Deployment Manual / Version 2010
Table Of ContentsSolr specific properties for Content Feeder
feeder.solr.partial-updates.enabled
| |
Type | java.lang.Boolean |
Default | true |
Description | Whether partial updates are supported for updating content metadata in Solr. This requires that all fields in the Solr index are configured as stored="true" or docValues="true" except fields that are copyField destinations, which must be configured as stored="false". This is because partial updates are applied to the index document reconstructed from the existing stored field values. |
feeder.solr.partial-updates.skip-index-check
| |
Type | java.lang.Boolean |
Default | false |
Description | If feeder.solr.partial-updates.enabled is true, the Solr index schema is analyzed whether fields are stored as required for partial updates. The Feeder will log a warning and not use partial update functionality if the index seems to not support it. You can set this property to true to skip the check. |
feeder.solr.send-retry-delay
| |
Type | java.time.Duration |
Default | 30s |
Description | The delay to wait before the Feeder retries to send data after failures from Solr. |
solr.cloud
| |
Type | java.lang.Boolean |
Default | false |
Description | Whether to connect to SolrCloud. If true, connect to a SolrCloud cluster. SolrCloud connection details must be set either as ZooKeeper addresses (solr.zookeeper.addresses) or, if the former is unset or empty as HTTP URLs (solr.url).

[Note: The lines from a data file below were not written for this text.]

subsection \<open>Series estimates\<close>

lemma linear_recursion_tendsto_zero:
  fixes \<beta> b :: "nat \<Rightarrow> real"
  assumes \<rho>: "0 \<le> \<rho>" "\<rho> < 1" and nonneg: "\<And>k. 0 \<le> \<beta> k"
    and rec: "\<And>k. \<beta> (Suc k) \<le> \<rho> * \<beta> k + b k" and b: "b \<longlonglongrightarrow> 0"
  shows "\<beta> \<longlonglongrightarrow> 0"
proof (rule LIMSEQ_I)
  fix r :: real
  assume r: "0 < r"
  have "0 < r * (1 - \<rho>) / 2" using r \<rho> by simp
  from LIMSEQ_D[OF b this] obtain N where N: "\<And>k. k \<ge> N \<Longrightarrow> norm (b k - 0) < r * (1 - \<rho>) / 2"
    by blast
  have after_N: "\<beta> (N + j) \<le> \<rho> ^ j * \<beta> N + r / 2" for j
  proof (induction j)
    case 0
    then show ?case using r by simp
  next
    case (Suc j)
    have "\<rho> * \<beta> (N + j) \<le> \<rho> * (\<rho> ^ j * \<beta> N + r / 2)"
      using Suc.IH \<rho>(1) by (rule mult_left_mono)
    then have "\<beta> (N + Suc j) \<le> \<rho> * (\<rho> ^ j * \<beta> N + r / 2) + r * (1 - \<rho>) / 2"
      using rec[of "N + j"] N[of "N + j"] abs_ge_self[of "b (N + j)"] by simp
    also have "\<dots> = \<rho> ^ Suc j * \<beta> N + r / 2" by (simp add: field_simps)
    finally show ?case .
  qed
  have "(\<lambda>j. \<rho> ^ j * \<beta> N) \<longlonglongrightarrow> 0"
    using tendsto_mult_left_zero[OF LIMSEQ_power_zero, of \<rho> "\<beta> N"] \<rho> by simp
  from LIMSEQ_D[OF this, of "r / 2"] r obtain M
    where M: "\<And>j. j \<ge> M \<Longrightarrow> norm (\<rho> ^ j * \<beta> N - 0) < r / 2"
    by auto
  show "\<exists>no. \<forall>n\<ge>no. norm (\<beta> n - 0) < r"
  proof (intro exI allI impI)
    fix n
    assume n: "N + M \<le> n"
    then have "\<beta> n \<le> \<rho> ^ (n - N) * \<beta> N + r / 2"
      using after_N[of "n - N"] by simp
    moreover have "\<rho> ^ (n - N) * \<beta> N < r / 2"
      using M[of "n - N"] n abs_ge_self[of "\<rho> ^ (n - N) * \<beta> N"] by (simp add: le_diff_conv2)
    ultimately show "norm (\<beta> n - 0) < r" using nonneg[of n] by simp
  qed
qed

lemma summable_square_suminf_le:
  fixes a w :: "nat \<Rightarrow> real"
  assumes w: "\<And>j. 0 < w j" and sw: "summable w" and sa: "summable (\<lambda>j. (a j)\<^sup>2 / w j)"
  shows "summable a \<and> (\<Sum>j. a j)\<^sup>2 \<le> (\<Sum>j. w j) * (\<Sum>j. (a j)\<^sup>2 / w j)"
proof -
  have le: "norm (a j) \<le> (w j + (a j)\<^sup>2 / w j) / 2" for j
  proof -
    have "0 \<le> (\<bar>a j\<bar> - w j)\<^sup>2" by simp
    then show ?thesis using w[of j] by (simp add: power2_diff field_simps power2_eq_square)
  qed
  have "summable (\<lambda>j. (w j + (a j)\<^sup>2 / w j) / 2)"
    by (intro summable_divide summable_add sw sa)
  then have "summable (\<lambda>j. norm (a j))"
    by (rule summable_comparison_test[rotated]) (use le in auto)
  then have summable_a: "summable a"
    by (rule summable_norm_cancel)
  have partial: "(\<Sum>j<n. a j)\<^sup>2 \<le> (\<Sum>j. w j) * (\<Sum>j. (a j)\<^sup>2 / w j)" for n
  proof -
    have "(\<Sum>j<n. a j)\<^sup>2 = (\<Sum>j<n. w j * (a j / w j))\<^sup>2"
      using w by (simp add: less_imp_neq[THEN not_sym])
    also have "\<dots> \<le> (\<Sum>j<n. w j) * (\<Sum>j<n. w j * (a j / w j)\<^sup>2)"
      by (rule weighted_Cauchy_Schwarz_ineq_sum) (use w in \<open>simp add: less_imp_le\<close>)
    also have "(\<Sum>j<n. w j * (a j / w j)\<^sup>2) = (\<Sum>j<n. (a j)\<^sup>2 / w j)"
      using w by (intro sum.cong refl) (simp add: power2_eq_square less_imp_neq[THEN not_sym])
    also have "(\<Sum>j<n. w j) * (\<Sum>j<n. (a j)\<^sup>2 / w j) \<le> (\<Sum>j. w j) * (\<Sum>j. (a j)\<^sup>2 / w j)"
      using w by (intro mult_mono sum_le_suminf sw sa sum_nonneg suminf_nonneg) (auto simp: less_imp_le)
    finally show ?thesis .
  qed
  have "(\<lambda>n. (\<Sum>j<n. a j)\<^sup>2) \<longlonglongrightarrow> (\<Sum>j. a j)\<^sup>2"
    by (intro tendsto_power summable_LIMSEQ summable_a)
  then have "(\<Sum>j. a j)\<^sup>2 \<le> (\<Sum>j. w j) * (\<Sum>j. (a j)\<^sup>2 / w j)"
    by (rule LIMSEQ_le_const2) (use partial in auto)
  with summable_a show ?thesis by simp
qed

lemma square_tail_suminf_le:
  fixes e :: "nat \<Rightarrow> real"
  assumes q: "0 < q" "q < 1" and summable: "summable (\<lambda>j. (e (j + k))\<^sup>2 / q ^ (j + k))"
  shows "summable e \<and> (\<Sum>j. e (j + k))\<^sup>2 \<le> q ^ k / (1 - q) * (\<Sum>j. (e (j + k))\<^sup>2 / q ^ (j + k))"
proof -
  have "(\<lambda>j. q ^ k * q ^ j) sums (q ^ k * (1 / (1 - q)))"
    by (intro sums_mult geometric_sums) (use q in auto)
  then have geo: "(\<lambda>j. q ^ (j + k)) sums (q ^ k / (1 - q))"
    by (simp add: power_add mult.commute)
  show ?thesis
    using summable_square_suminf_le[of "\<lambda>j. q ^ (j + k)" "\<lambda>j. e (j + k)"] q summable
      sums_summable[OF geo] summable_iff_shift[of e k]
    by (simp add: sums_iff[THEN iffD1, OF geo])
qed

lemma consensus_error_le_real:
  fixes e :: "'n::finite \<Rightarrow> nat \<Rightarrow> real" and A :: "'n \<Rightarrow> 'n \<Rightarrow> real"
  assumes sym: "\<And>i j. A i j = A j i" and q: "\<And>i. 0 < q i \<and> q i < 1"
    and s_bound: "\<And>i. \<bar>s i\<bar> \<le> 2"
    and summable: "\<And>i. summable (\<lambda>j. (e i (j + k))\<^sup>2 / q i ^ (j + k))"
  shows "(\<Sum>i\<in>UNIV. (theta A h s t0 e k i - (Ave t0 + (\<Sum>i\<in>UNIV. s i / real CARD('n) * (\<Sum>j. e i j))))\<^sup>2)
    \<le> disagreement (theta A h s t0 e k)
      + (\<Sum>i\<in>UNIV. 4 * q i ^ k / (1 - q i) * (\<Sum>j. (e i (j + k))\<^sup>2 / q i ^ (j + k)))"
proof -
  define n where "n = real CARD('n)"
  have n: "n \<ge> 1" by (simp add: n_def)
  define T where "T i = (\<Sum>j. e i (j + k))" for i
  have tail: "summable (e i) \<and> (T i)\<^sup>2 \<le> q i ^ k / (1 - q i) * (\<Sum>j. (e i (j + k))\<^sup>2 / q i ^ (j + k))"
    for i unfolding T_def using q[of i] summable[of i] by (intro square_tail_suminf_le) auto
  have "(\<Sum>j. e i j) = T i + (\<Sum>j<k. e i j)" for i
    unfolding T_def using suminf_split_initial_segment[of "e i" k] tail[of i] by simp
  then have "Ave (theta A h s t0 e k) - (Ave t0 + (\<Sum>i\<in>UNIV. s i / n * (\<Sum>j. e i j)))
      = - (\<Sum>i\<in>UNIV. s i / n * T i)"
    unfolding Ave_theta[OF sym] n_def by (simp add: distrib_left sum.distrib)
  then have "(\<Sum>i\<in>UNIV. (theta A h s t0 e k i - (Ave t0 + (\<Sum>i\<in>UNIV. s i / n * (\<Sum>j. e i j))))\<^sup>2)
      = disagreement (theta A h s t0 e k) + n * (\<Sum>i\<in>UNIV. s i / n * T i)\<^sup>2"
    using sum_square_dev_eq[of "theta A h s t0 e k"] by (simp add: n_def)
  also have "n * (\<Sum>i\<in>UNIV. s i / n * T i)\<^sup>2 \<le> n * (n * (\<Sum>i\<in>UNIV. (s i / n * T i)\<^sup>2))"
    using square_sum_le_card_mult[of "\<lambda>i. s i / n * T i"] n unfolding n_def by simp
  also have "\<dots> = (\<Sum>i\<in>UNIV. (s i)\<^sup>2 * (T i)\<^sup>2)"
    using n by (simp add: sum_distrib_left power_mult_distrib power_divide power2_eq_square mult_ac)
  also have "\<dots> \<le> (\<Sum>i\<in>UNIV. 4 * q i ^ k / (1 - q i) * (\<Sum>j. (e i (j + k))\<^sup>2 / q i ^ (j + k)))"
  proof (intro sum_mono)
    fix i
    have "(s i)\<^sup>2 \<le> 2\<^sup>2" using power_mono[OF s_bound[of i] abs_ge_zero, of 2] by simp
    then have "(s i)\<^sup>2 * (T i)\<^sup>2 \<le> 4 * (T i)\<^sup>2" by (intro mult_right_mono) auto
    then show "(s i)\<^sup>2 * (T i)\<^sup>2 \<le> 4 * q i ^ k / (1 - q i) * (\<Sum>j. (e i (j + k))\<^sup>2 / q i ^ (j + k))"
      using tail[of i] by simp
  qed
  finally show ?thesis by (simp add: n_def)
qed

text \<open>In \<open>ennreal\<close> the bound also covers noise realisations whose weighted tails diverge.\<close>

lemma consensus_error_le:
  fixes e :: "'n::finite \<Rightarrow> nat \<Rightarrow> real" and A :: "'n \<Rightarrow> 'n \<Rightarrow> real"
  assumes sym: "\<And>i j. A i j = A j i" and q: "\<And>i. 0 < q i \<and> q i < 1"
    and s_bound: "\<And>i. \<bar>s i\<bar> \<le> 2"
  shows "ennreal (\<Sum>i\<in>UNIV. (theta A h s t0 e k i - (Ave t0 + (\<Sum>i\<in>UNIV. s i / real CARD('n) * (\<Sum>j. e i j))))\<^sup>2)
    \<le> ennreal (disagreement (theta A h s t0 e k))
      + (\<Sum>i\<in>UNIV. ennreal (4 * q i ^ k / (1 - q i)) * (\<Sum>j. ennreal ((e i (j + k))\<^sup>2 / q i ^ (j + k))))"
    (is "_ \<le> ?rhs")
proof (cases "\<forall>i. (\<Sum>j. ennreal ((e i (j + k))\<^sup>2 / q i ^ (j + k))) \<noteq> top")
  case False
  define w where "w i = ennreal (4 * q i ^ k / (1 - q i)) * (\<Sum>j. ennreal ((e i (j + k))\<^sup>2 / q i ^ (j + k)))"
    for i
  from False obtain i where "(\<Sum>j. ennreal ((e i (j + k))\<^sup>2 / q i ^ (j + k))) = top" by blast
  moreover have "ennreal (4 * q i ^ k / (1 - q i)) \<noteq> 0" using q[of i] by simp
  ultimately have "w i = top" by (simp add: w_def ennreal_mult_eq_top_iff)
  moreover have "w i \<le> ?rhs"
    unfolding w_def[symmetric] by (rule order_trans[OF member_le_sum[of i UNIV w] add_increasing]) auto
  ultimately have "top \<le> ?rhs" by (simp only:)
  then show ?thesis by (rule order_trans[OF top_greatest])
next
  case True
  have terms_nonneg: "0 \<le> (e i (j + k))\<^sup>2 / q i ^ (j + k)" for i j using q[of i] by simp
  have summable: "summable (\<lambda>j. (e i (j + k))\<^sup>2 / q i ^ (j + k))" for i
    by (rule summable_suminf_not_top) (use terms_nonneg True in auto)
  define tail where "tail i = 4 * q i ^ k / (1 - q i) * (\<Sum>j. (e i (j + k))\<^sup>2 / q i ^ (j + k))" for i
  have tail_nonneg: "0 \<le> tail i" for i
    unfolding tail_def using q[of i] terms_nonneg summable by (intro mult_nonneg_nonneg suminf_nonneg) auto
  have "ennreal (4 * q i ^ k / (1 - q i)) * (\<Sum>j. ennreal ((e i (j + k))\<^sup>2 / q i ^ (j + k)))
      = ennreal (tail i)" for i
    unfolding tail_def suminf_ennreal2[OF terms_nonneg summable] using q[of i] terms_nonneg summable
    by (intro ennreal_mult[symmetric] suminf_nonneg) auto
  then have "?rhs = ennreal (disagreement (theta A h s t0 e k) + (\<Sum>i\<in>UNIV. tail i))"
    using tail_nonneg
    by (simp add: sum_ennreal) (intro ennreal_plus[symmetric] disagreement_nonneg sum_nonneg tail_nonneg)
  moreover have "(\<Sum>i\<in>UNIV. (theta A h s t0 e k i - (Ave t0 + (\<Sum>i\<in>UNIV. s i / real CARD('n) * (\<Sum>j. e i j))))\<^sup>2)
      \<le> disagreement (theta A h s t0 e k) + (\<Sum>i\<in>UNIV. tail i)"
    unfolding tail_def by (intro consensus_error_le_real sym q s_bound summable)
  ultimately show ?thesis by (simp add: ennreal_leI)
qed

If false, connect to stand-alone Solr nodes via HTTP URLs (solr.url). |
solr.connection-timeout
| |
Type | java.lang.Integer |
Default | 0 |
Description | Connection timeout in milliseconds, or 0 for no timeout, or a negative value to use SolrClient default. |
solr.content.collection
| |
Type | java.lang.String |
Default | studio |
Description | The name of the Solr collection for editorial search. |
solr.content.config-set
| |
Type | java.lang.String |
Default | content |
Description | The name of the Solr config set to use when creating the collection for editorial search. This property is used by the Content Feeder. |
solr.index-data-directory
| |
Type | java.lang.String |
Default | data |
Description | Value for the "dataDir" parameter of the Solr CoreAdmin API / Collection API request to create a Solr index. |
solr.password
| |
Type | java.lang.String |
Default | |
Description | Password for HTTP basic authentication, used if a non-empty solr.username has been specified. The value may have been encrypted with the tool "cm encryptpasswordproperty". |
solr.socket-timeout
| |
Type | java.lang.Integer |
Default | 600000 |
Description | Socket timeout in milliseconds, or 0 for no timeout, or a negative value to use SolrClient default. |
solr.url
| |
Type | java.util.List<java.lang.String> |
Default | http://localhost:40080/solr |
Description | The list of Solr URLs to connect to. These URLs are ignored if connecting to SolrCloud (solr.cloud=true) and non-empty ZooKeeper addresses (solr.zookeeper.addresses) have been set. For a Feeder application that is not connected to a SolrCloud cluster, a single URL to the Solr master must be configured. |
solr.use-xml-response-writer
| |
Type | java.lang.Boolean |
Default | false |
Description | Whether SolrJ should use XML response format instead of Javabin format. |
solr.username
| |
Type | java.lang.String |
Default | |
Description | Username for HTTP basic authentication, or empty string for no authentication. |
solr.zookeeper.addresses
| |
Type | java.util.List<java.lang.String> |
Default | |
Description | ZooKeeper addresses for connecting to SolrCloud. Only used if solr.cloud=true. |
solr.zookeeper.chroot
| |
Type | java.lang.String |
Default | |
Description | Optional ZooKeeper chroot path for Solr. ZooKeeper chroot support makes it possible to isolate the SolrCloud tree in a ZooKeeper instance that is Only used if solr.cloud=true and solr.zookeeper.addresses is set to non-empty value. |
solr.zookeeper.client-timeout
| |
Type | java.lang.Integer |
Default | 10000 |
Description | Client-timeout for ZooKeeper in milliseconds, or a negative value to use SolrClient default. Only used if solr.cloud=true and solr.zookeeper.addresses is set to non-empty value. |
solr.zookeeper.connect-timeout
| |
Type | java.lang.Integer |
Default | 10000 |
Description | Connect-timeout for ZooKeeper in milliseconds, or a negative value to use SolrClient default. Only used if solr.cloud=true and solr.zookeeper.addresses is set to non-empty value. |
Table 4.34. Content Feeder Solr Configuration Properties
Login properties for Content Feeder
The following properties are used to define the login data for the Content Server and the administration page of the Search Engine.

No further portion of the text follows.